Johannes Tack: Diese Frage lässt sich nicht exakt quantifiziert beantworten. Wenn sie lauten würde: Nehmen psychische Erkrankungen am Arbeitsplatz zu, dann kann die Frage mit einem großen Ja beantwortet werden. Dies belegen übereinstimmend die Gesundheitsberichte der verschiedenen Krankenkassen. Entsprechend nimmt auch der Krankenstand zu. Dadurch bedingt werden psychische Erkrankungen häufiger in unserer Gesellschaft wahrgenommen, zumal der zeitliche Ausfall wegen einer psychischen Erkrankung am Arbeitsplatz nicht selten mehrere Wochen, wenn nicht sogar Monate, dauert. Hierfür gibt es viele Gründe: Arbeitszeitverdichtung, zunehmende Mobilität, Angst um den Verlust des Arbeitsplatzes und ein aggressiver Wettbewerb. Beschleunigung, Termindichte sowie mangelnde Zeit spielen dabei sicherlich auch eine Rolle. Es bedarf schon einer robusten Natur und Widerstandsfähigkeit, um mit diesen veränderten Bedingungen in der Arbeitswelt zurechtzukommen.

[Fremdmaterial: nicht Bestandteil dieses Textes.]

(* Let $C$ be a small category, $T$ an object of $C$, and let $\xi_*,\xi'_*:(X,f)\to(Y,g)$ be morphisms of the left fiber $(\Delta/C)/T$ such that $\xi_*\sim\xi'_*$ as morphisms of $\Delta/C$. Then $r(\xi_* )\sim r(\xi'_* )$.
   Context: For $q\ge0$, $[q]=\{0<\dots<q\}$. A $q$-simplex of the nerve $NC$ is a functor $X:[q]\to C$, i.e. a chain $X_0\to\dots\to X_q$; $q_X=q$; $X(i\to j)$ is the composite $X_i\to X_j$. $\Delta/C$ has all simplices as objects and as morphisms $X\to Y$ the order-preserving $\xi:[q_X]\to[q_Y]$ with $Y\circ\xi=X$, written $\xi_*$. For a $q$-simplex $X$ and surjective order-preserving $s:[q+1]\to[q]$ with order-preserving right inverses $d,d'$, $d_*,d'_*:X\to X\circ s$ are elementary equivalent; $\sim$ is the smallest equivalence relation on morphisms of $\Delta/C$ (with same source and target) compatible with composition containing all elementary equivalent pairs. $\sup:\Delta/C\to C$ sends $X$ to $X_{q_X}$ and $\xi_*:X\to Y$ to $Y(\xi(q_X)\to q_Y)$. The left fiber $(\Delta/C)/T$ has objects pairs $(X,f)$ with $f:X_{q_X}\to T$, and morphisms $(X,f)\to(Y,g)$ the morphisms $\xi_*:X\to Y$ of $\Delta/C$ with $g\circ\sup(\xi_* )=f$. For an object $(X,f)$, $r(X,f)$ is the $(q_X+1)$-simplex $X_0\to\dots\to X_{q_X}\xrightarrow{f}T$. For a morphism $\xi_*:(X,f)\to(Y,g)$, $r(\xi_* ):r(X,f)\to r(Y,g)$ is the morphism of $\Delta/C$ given by the order-preserving map $[q_X+1]\to[q_Y+1]$ sending $j\mapsto\xi(j)$ for $0\le j\le q_X$ and $q_X+1\mapsto q_Y+1$. *)

theory Defs
  imports Main
begin

record ('o, 'm) category =
  Obj :: "'o set"
  Mor :: "'m set"
  Dom :: "'m \<Rightarrow> 'o"
  Cod :: "'m \<Rightarrow> 'o"
  Cmp :: "'m \<Rightarrow> 'm \<Rightarrow> 'm"
  Idt :: "'o \<Rightarrow> 'm"

definition is_category :: "('o, 'm) category \<Rightarrow> bool" where
  "is_category C \<longleftrightarrow>
     (\<forall>f \<in> Mor C. Dom C f \<in> Obj C \<and> Cod C f \<in> Obj C) \<and>
     (\<forall>a \<in> Obj C. Idt C a \<in> Mor C \<and> Dom C (Idt C a) = a \<and> Cod C (Idt C a) = a) \<and>
     (\<forall>f \<in> Mor C. \<forall>g \<in> Mor C. Cod C f = Dom C g \<longrightarrow>
        Cmp C g f \<in> Mor C \<and> Dom C (Cmp C g f) = Dom C f \<and> Cod C (Cmp C g f) = Cod C g) \<and>
     (\<forall>f \<in> Mor C. Cmp C f (Idt C (Dom C f)) = f \<and> Cmp C (Idt C (Cod C f)) f = f) \<and>
     (\<forall>f \<in> Mor C. \<forall>g \<in> Mor C. \<forall>h \<in> Mor C. Cod C f = Dom C g \<longrightarrow> Cod C g = Dom C h \<longrightarrow>
        Cmp C h (Cmp C g f) = Cmp C (Cmp C h g) f)"
lemma finite_coset_characters:
  assumes fin: "finite Z" and Z: "add_subgroup Z"
  shows "finite (coset_characters Z B)"
proof -
  define r where "r \<rho> = restrict (\<lambda>a. \<rho> (add_coset B a)) Z" for \<rho> :: "'a set \<Rightarrow> complex"
  have inj: "inj_on r (coset_characters Z B)"
  proof (rule inj_onI)
    fix \<rho>1 \<rho>2 assume \<rho>: "\<rho>1 \<in> coset_characters Z B" "\<rho>2 \<in> coset_characters Z B" "r \<rho>1 = r \<rho>2"
    have "\<rho>1 (add_coset B a) = \<rho>2 (add_coset B a)" if "a \<in> Z" for a
      using fun_cong[OF \<rho>(3), of a] that by (simp add: r_def)
    then show "\<rho>1 = \<rho>2" using coset_characters_eqI[OF \<rho>(1,2)] by blast
  qed
  have "r ` coset_characters Z B \<subseteq> {\<chi> \<in> extensional Z. character_on Z \<chi>}"
  proof
    fix \<chi> assume "\<chi> \<in> r ` coset_characters Z B"
    then obtain \<rho> where \<rho>: "\<rho> \<in> coset_characters Z B" "\<chi> = r \<rho>" by blast
    then have "character_on Z (\<lambda>a. \<rho> (add_coset B a))" by (simp add: coset_characters_def)
    then show "\<chi> \<in> {\<chi> \<in> extensional Z. character_on Z \<chi>}"
      using add_subgroup_add[OF Z] by (simp add: \<rho>(2) r_def character_on_def)
  qed
  then have "finite (r ` coset_characters Z B)"
    using finite_characters[OF fin Z] by (rule finite_subset)
  then show ?thesis using inj by (rule finite_imageD)
qed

Johannes Tack: Vorgesetzte unterliegen einem ebenso großen Leistungsdruck wie ihre Mitarbeiter, manchmal sogar einem bedeutend höheren, lastet schließlich auf ihren Schultern noch mehr Verantwortung. Wer Personalverantwortung in einem Unternehmen trägt, sollte besonders in der Personalführung geschult sein. Dazu zählen natürlich auch ein gutes Einfühlungsvermögen und umfangreiche Kenntnisse im Umgang mit Menschen. Entsprechende Schulungen sollten selbstverständlich auch Grundkenntnisse im Umgang mit krankheitsbedingten auffälligem Verhalten beinhalten. So bekäme der Vorgesetzte Handlungskompetenz, das Thema sensibel bei betroffenen Mitarbeitern anzusprechen und für Verständnis im Umgang unter Kollegen zu werben. Auch könnten Kooperationen mit psychosozialen Trägerorganisationen oder – je nach Größe des Unternehmens – speziell eingeplantes psychologisches und ärztliches Fachpersonal eine große Unterstützung darstellen. Diese könnten rechtzeitig bei einer sich anbahnenden psychischen Erkrankung zu Rate gezogen oder mit einbezogen werden.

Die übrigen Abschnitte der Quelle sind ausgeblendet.